The experimental treatments consisted of three protocols: (1) an inpatient protocol in which meals were controlled—the patient was fed the evening meal and spent the night in the laboratory, then RMR was measured in the morning; (2) an outpatient protocol in which meals were controlled—the patient was fed the same evening meal at the laboratory but spent the night at home, then RMR was measured in the morning; and (3) an outpatient protocol in which meals were not strictly controlled—the patient was instructed to fast for 12 hours prior to measurement of RMR in the morning. The three protocols formed the v = 3 treatments in the experiment.
Since subjects tend to differ substantially from each other, error variability can be reduced by using the subjects as blocks and measuring the effects of all treatments for each subject.
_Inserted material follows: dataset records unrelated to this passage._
lemma mt_z_fixpt: "0 < g \<Longrightarrow> i \<in> {1..N} \<Longrightarrow> mt_z N A g (fixpt g) i = zs"
  using mt_z_eqI[OF N, of "\<lambda>_. zs" g A "fixpt g"] fixpt_resolvents[of g] by (auto simp: algebra_simps)

lemma fixpt_in_mt_fix: "0 < g \<Longrightarrow> fixpt g \<in> mt_fix N A g \<theta>"
  using mt_z_fixpt by (auto simp: mt_fix_def mt_op_def)

lemma vdist_fixpt: "vdist {1..N-1} (fixpt g) (fixpt g') \<le> \<bar>g - g'\<bar> * L2_set (\<lambda>i. norm (\<Sum>j=1..i. u j)) {1..N-1}"
proof -
  have "vdist {1..N-1} (fixpt g) (fixpt g') = L2_set (\<lambda>i. \<bar>g - g'\<bar> * norm (\<Sum>j=1..i. u j)) {1..N-1}"
    unfolding vdist_def fixpt_def by (simp flip: scaleR_diff_left)
  also have "\<dots> = \<bar>g - g'\<bar> * L2_set (\<lambda>i. norm (\<Sum>j=1..i. u j)) {1..N-1}"
    by (simp add: L2_set_right_distrib)
  finally show ?thesis by simp
qed

lemma mt_z_simps:
  fixes x :: "nat \<Rightarrow> 'a" and g :: real
  defines "z \<equiv> mt_z N A g x"
  shows mt_z_first: "z 1 = resolvent g (A 1) (x 1)"
    and mt_z_middle: "\<And>i. i \<in> {2..N-1} \<Longrightarrow> z i = resolvent g (A i) (x i + z (i-1) - x (i-1))"
    and mt_z_last: "z N = resolvent g (A N) (z 1 + z (N-1) - x (N-1))"
proof -
  have zz: "z i = mt_zz A g x i" if "i \<noteq> N" for i using that by (simp add: z_def mt_z_def)
  show "z 1 = resolvent g (A 1) (x 1)" using N zz[of 1] by simp
  show "z i = resolvent g (A i) (x i + z (i-1) - x (i-1))" if i: "i \<in> {2..N-1}" for i
  proof -
    obtain k where k: "i = Suc (Suc k)" using i by (cases i; cases "i - 1") auto
    show ?thesis using i zz[of i] zz[of "i-1"] unfolding k by (simp add: algebra_simps)
  qed
  have "z N = resolvent g (A N) (mt_zz A g x 1 + mt_zz A g x (N-1) - x (N-1))"
    by (simp add: z_def mt_z_def)
  then show "z N = resolvent g (A N) (z 1 + z (N-1) - x (N-1))" using N zz[of 1] zz[of "N-1"] by simp
qed

lemma mt_z_dist_fixpt:
  assumes g: "0 < g" and i: "i \<in> {1..N}"
  shows "norm (mt_z N A g x i - zs) \<le> 2 * real N * vdist {1..N-1} x (fixpt g)"
proof -
  define z where "z = mt_z N A g x"
  define e where "e = vdist {1..N-1} x (fixpt g)"
  have dx: "norm (x j - fixpt g j) \<le> e" if "j \<in> {1..N-1}" for j
    unfolding e_def using that by (intro norm_le_vdist) auto
  have step: "norm (resolvent g (A j) p - resolvent g (A j) q) \<le> norm (p1 - q1) + norm (p2 - q2) + norm (p3 - q3)"
    if "j \<in> {1..N}" "p = p1 + p2 - p3" "q = q1 + q2 - q3" for j p q p1 p2 p3 q1 q2 q3
  proof -
    have "p - q = (p1 - q1) + (p2 - q2) - (p3 - q3)" using that(2,3) by (simp add: algebra_simps)
    then have "norm (resolvent g (A j) p - resolvent g (A j) q) \<le> norm ((p1 - q1) + (p2 - q2) - (p3 - q3))"
      using resolvent_nonexpansive[OF A_max[OF that(1)] g, of p q] by simp
    also have "\<dots> \<le> norm (p1 - q1) + norm (p2 - q2) + norm (p3 - q3)"
      by (meson add_mono norm_triangle_ineq norm_triangle_ineq4 order_trans order_refl)
    finally show ?thesis .
  qed
  have "z 1 = resolvent g (A 1) (x 1)" unfolding z_def by (rule mt_z_first)
  then have z_first: "norm (z 1 - zs) \<le> e"
    using resolvent_nonexpansive[OF A_max g, of 1 "x 1" "fixpt g 1", unfolded fixpt_resolvent_first[OF g]]
      dx[OF one_in] N by simp
  have e0: "0 \<le> e" unfolding e_def by (rule vdist_nonneg)
  have z_middle: "norm (z j - zs) \<le> 2 * real j * e" if "1 \<le> j" "j \<le> N - 1" for j
    using that
  proof (induction j rule: nat_induct_at_least)
    case base
    then show ?case using z_first e0 by simp
  next
    case (Suc j)
    then have j: "Suc j \<in> {2..N-1}" "j \<in> {1..N-1}" by auto
    have "norm (z (Suc j) - zs)
        \<le> norm (x (Suc j) - fixpt g (Suc j)) + norm (z j - zs) + norm (x j - fixpt g j)"
      using step[of "Suc j"] j unfolding z_def mt_z_middle[OF j(1)]
      by (subst fixpt_resolvent_middle[OF g j(1), symmetric]) auto
    also have "\<dots> \<le> e + 2 * real j * e + e" using dx j Suc by (intro add_mono) auto
    finally show ?case by (simp add: algebra_simps)
  qed
  show ?thesis
  proof (cases "i = N")
    case True
    have "norm (z N - zs) \<le> norm (z 1 - zs) + norm (z (N-1) - zs) + norm (x (N-1) - fixpt g (N-1))"
      using step[of N] N unfolding z_def mt_z_last
      by (subst fixpt_resolvent_last[OF g, symmetric]) auto
    also have "\<dots> \<le> e + 2 * real (N-1) * e + e"
      using z_first z_middle[of "N-1"] dx[OF last_in] N by (intro add_mono) auto
    also have "\<dots> = 2 * real N * e" using N by (simp add: of_nat_diff algebra_simps)
    finally show ?thesis using True by (simp add: z_def e_def)
  next
    case False
    then have "norm (z i - zs) \<le> 2 * real i * e" using i z_middle by auto
    also have "\<dots> \<le> 2 * real N * e" using i e0 by (intro mult_right_mono) auto
    finally show ?thesis by (simp add: z_def e_def)
  qed
qed

lemma mt_z_decomposition:
  fixes x :: "nat \<Rightarrow> 'a"
  assumes g: "0 < g"
  defines "z \<equiv> mt_z N A g x"
  obtains v where "\<And>i. i \<in> {1..N} \<Longrightarrow> v i \<in> A i (z i)"
    and "x 1 = z 1 + g *\<^sub>R v 1"
    and "\<And>i. i \<in> {2..N-1} \<Longrightarrow> x i + z (i-1) - x (i-1) = z i + g *\<^sub>R v i"
    and "z 1 + z (N-1) - x (N-1) = z N + g *\<^sub>R v N"
proof -
  define y where "y i = (if i = 1 then x 1 else if i = N then z 1 + z (N-1) - x (N-1)
    else x i + z (i-1) - x (i-1))" for i
  have z_y: "z i = resolvent g (A i) (y i)" if i: "i \<in> {1..N}" for i
  proof -
    consider "i = 1" | "i = N" | "i \<in> {2..N-1}" using i by fastforce
    then show ?thesis
    proof cases
      case 1
      then show ?thesis unfolding z_def y_def 1 mt_z_first[where x=x and g=g] by simp
    next
      case 2
      then show ?thesis using N unfolding z_def y_def 2 mt_z_last[where x=x and g=g] by simp
    next
      case 3
      then have "i \<noteq> 1" "i \<noteq> N" by auto
      then show ?thesis unfolding z_def y_def mt_z_middle[where x=x and g=g, OF 3] by simp
    qed
  qed
  have "\<exists>v. v \<in> A i (z i) \<and> y i = z i + g *\<^sub>R v" if "i \<in> {1..N}" for i
    using resolvent_decomposition[OF A_max[OF that] g, of "y i"] z_y[OF that] by auto
  then obtain v where v: "\<And>i. i \<in> {1..N} \<Longrightarrow> v i \<in> A i (z i) \<and> y i = z i + g *\<^sub>R v i" by metis
  show thesis
  proof (rule that)
    show "x 1 = z 1 + g *\<^sub>R v 1" using v[of 1] N by (simp add: y_def)
    show "x i + z (i-1) - x (i-1) = z i + g *\<^sub>R v i" if i: "i \<in> {2..N-1}" for i
    proof -
      have "i \<in> {1..N}" "i \<noteq> 1" "i \<noteq> N" using i by auto
      then show ?thesis using v[of i] by (simp add: y_def)
    qed
    show "z 1 + z (N-1) - x (N-1) = z N + g *\<^sub>R v N" using v[of N] N by (simp add: y_def)
  qed (use v in blast)
qed

lemma mt_step_differences:
  fixes x :: "nat \<Rightarrow> 'a"
  assumes a: "0 < a" "a \<le> g" "g \<le> b"
  defines "z \<equiv> mt_z N A g x"
  obtains c where "\<And>i. i \<in> {1..N-1} \<Longrightarrow> x i - fixpt g i = (z i - zs) + (\<Sum>j=1..i. c j)"
    and "(z 1 - zs) - (z N - zs) = (\<Sum>j=1..N. c j)"
    and "\<And>i. i \<in> {1..N} \<Longrightarrow> 0 \<le> inner (z i - zs) (c i)"
    and "\<And>i. i \<in> {1..N-1} \<Longrightarrow> norm (c i) \<le> (b * L) * norm (z i - zs)"
    and "(a * \<mu>) * (norm (z N - zs))\<^sup>2 \<le> inner (z N - zs) (c N)
      \<or> (\<forall>i\<in>{1..N-1}. (a * \<mu>) * (norm (z i - zs))\<^sup>2 \<le> inner (z i - zs) (c i))"
proof -
  have g: "0 < g" using a by simp
  obtain v where v: "\<And>i. i \<in> {1..N} \<Longrightarrow> v i \<in> A i (z i)"
    and first: "x 1 = z 1 + g *\<^sub>R v 1"
    and middle: "\<And>i. i \<in> {2..N-1} \<Longrightarrow> x i + z (i-1) - x (i-1) = z i + g *\<^sub>R v i"
    and last: "z 1 + z (N-1) - x (N-1) = z N + g *\<^sub>R v N"
    using mt_z_decomposition[OF g, of x] unfolding z_def by blast
  define c where "c i = g *\<^sub>R (v i - u i)" for i
  have first': "x 1 - fixpt g 1 = (z 1 - zs) + c 1"
    using first unfolding fixpt_first by (simp add: c_def algebra_simps)
  have middle': "(x i - fixpt g i) + (z (i-1) - zs) - (x (i-1) - fixpt g (i-1)) = (z i - zs) + c i"
    if "i \<in> {2..N-1}" for i
    using middle[OF that] fixpt_middle[OF that, of g] by (simp add: c_def algebra_simps)
  have last': "(z 1 - zs) + (z (N-1) - zs) - (x (N-1) - fixpt g (N-1)) = (z N - zs) + c N"
    using last fixpt_last[of g] by (simp add: c_def algebra_simps)
  note cum = mt_differences_cumulative[OF N first' middle' last']
  have mono: "0 \<le> inner (z i - zs) (v i - u i)" if "i \<in> {1..N}" for i
    using monotone_opD[OF A_mono[OF that] v[OF that] u_in[OF that]] .
  have sv: "v i = F i (z i)" "u i = F i zs" if "i \<in> {1..N-1}" for i
    using v[of i] u_F[OF that] that A_sv[OF that] by (auto simp: sv_def)
  have scale: "(a * \<mu>) * (norm (z i - zs))\<^sup>2 \<le> inner (z i - zs) (c i)"
    if "\<mu> * (norm (z i - zs))\<^sup>2 \<le> inner (z i - zs) (v i - u i)" for i
  proof -
    have "(a * \<mu>) * (norm (z i - zs))\<^sup>2 \<le> g * (\<mu> * (norm (z i - zs))\<^sup>2)"
      using a \<mu> by (simp add: mult.assoc mult_right_mono)
    also have "\<dots> \<le> g * inner (z i - zs) (v i - u i)" using that g by simp
    finally show ?thesis by (simp add: c_def)
  qed
  show thesis
  proof (rule that)
    show "x i - fixpt g i = (z i - zs) + (\<Sum>j=1..i. c j)" if "i \<in> {1..N-1}" for i
      using cum(1) that by blast
    show "(z 1 - zs) - (z N - zs) = (\<Sum>j=1..N. c j)" using cum(2) by blast
    show "0 \<le> inner (z i - zs) (c i)" if "i \<in> {1..N}" for i
      using mono[OF that] g by (simp add: c_def)
    show "norm (c i) \<le> (b * L) * norm (z i - zs)" if i: "i \<in> {1..N-1}" for i
    proof -
      have "norm (c i) = g * norm (F i (z i) - F i zs)" using g sv[OF i] by (simp add: c_def)
      also have "\<dots> \<le> g * (L * norm (z i - zs))"
        using lipschitz_onD[OF F_lip[OF i], of "z i" zs] g by (simp add: dist_norm)
      also have "\<dots> \<le> b * (L * norm (z i - zs))"
        using a L_nonneg by (intro mult_right_mono) auto
      finally show ?thesis by simp
    qed
    show "(a * \<mu>) * (norm (z N - zs))\<^sup>2 \<le> inner (z N - zs) (c N)
      \<or> (\<forall>i\<in>{1..N-1}. (a * \<mu>) * (norm (z i - zs))\<^sup>2 \<le> inner (z i - zs) (c i))"
      using strong
    proof
      assume sB: "strongly_monotone_op \<mu> B"
      have "v N \<in> B (z N)" using v[of N] N by (simp add: A_last)
      then show ?thesis using scale[OF strongly_monotone_opD[OF sB _ u_last]] by blast
    next
      assume sF: "\<forall>i\<in>{1..N-1}. strongly_monotone_op \<mu> (sv (F i))"
      have "(a * \<mu>) * (norm (z i - zs))\<^sup>2 \<le> inner (z i - zs) (c i)" if i: "i \<in> {1..N-1}" for i
      proof (rule scale)
        have iN: "i \<in> {1..N}" using i by auto
        have "v i \<in> sv (F i) (z i)" "u i \<in> sv (F i) zs" using v[OF iN] u_in[OF iN] A_sv[OF i] by auto
        then show "\<mu> * (norm (z i - zs))\<^sup>2 \<le> inner (z i - zs) (v i - u i)"
          using sF i by (blast intro: strongly_monotone_opD)
      qed
      then show ?thesis by blast
    qed
  qed
qed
In this experiment, there were nine subjects (healthy, adult males of similar age) and they formed the \(b=9\) levels of a blocking factor “subject.” Every subject was measured under all three treatments (in a random order), so the blocks were of size \(k=3=v\).
Protocol | |||
---|---|---|---|
Subject | 1 | 2 | 3 |
1 | 7131 | 6846 | 7095 |
2 | 8062 | 8573 | 8685 |
3 | 6921 | 7287 | 7132 |
4 | 7249 | 7554 | 7471 |
5 | 9551 | 8866 | 8840 |
6 | 7046 | 7681 | 6939 |
7 | 7715 | 7535 | 7831 |
9 | 9862 | 10087 | 9711 |
Plot for the RMR experiment.
We see there is a significant variation from individual to individual that is larger than the variation within an individual. The following is the SAS code and outcome.
data resting;
input subject @@;
do protocol=1 to 3;
input rate @@;
output;
end;
lines;
1 7131 6846 7095
2 8062 8573 8685
3 6921 7287 7132
4 7249 7554 7471
5 9551 8866 8840
6 7046 7681 6939
7 7715 7535 7831
8 9862 10087 9711
9 7812 7708 8179
;
proc print;
run;
proc glm data=resting;
class subject protocol;
model rate=subject protocol;
lsmeans protocol;
run;
Source of variation | Degrees of freedom | Sum of squares | Mean square | Ratio | p-value |
---|---|---|---|---|---|
Subject | 8 | 23,117,462.30 | 2,889,682.79 | - | - |
Protocol | 2 | 35,948.74 | 17,974.37 | 0.23 | 0.7950 |
Error | 16 | 1,235,483.26 | 77,217.70 | ||
Total | 26 | 24,388,894.30 |
The Bonferroni, Scheffé, Tukey, and Dunnett methods described in previously for factorial designs can all be used for obtaining simultaneous confidence intervals for sets of treatment contrasts in a general complete block design. For example, the block-treatment model (1), without interaction, is similar to the two-way main-effects model. Thus, a set of \(100(1-\alpha) \%\) simultaneous confidence intervals for treatment contrast \(\Sigma c_i \tau_i\) is of the form \[ \sum c_i \tau_i \in\left(\sum c_i \bar{y}_{. i .} \pm w \sqrt{m s E \sum c_i^2 / b s}\right) \] where the critical coefficients for the four methods are, respectively, \[ \begin{gathered} w_B=t_{d f, \alpha / 2 m} ; w_S=\sqrt{(v-1) F_{v-1, d f, \alpha}} ; \\ w_T=q_{v, d f, \alpha} / \sqrt{2} ; w_{D 2}=|t|_{v-1, d f, \alpha}^{(0.5)}, \end{gathered} \] where \(n=b v s\) and \(d f=n-b-v+1\).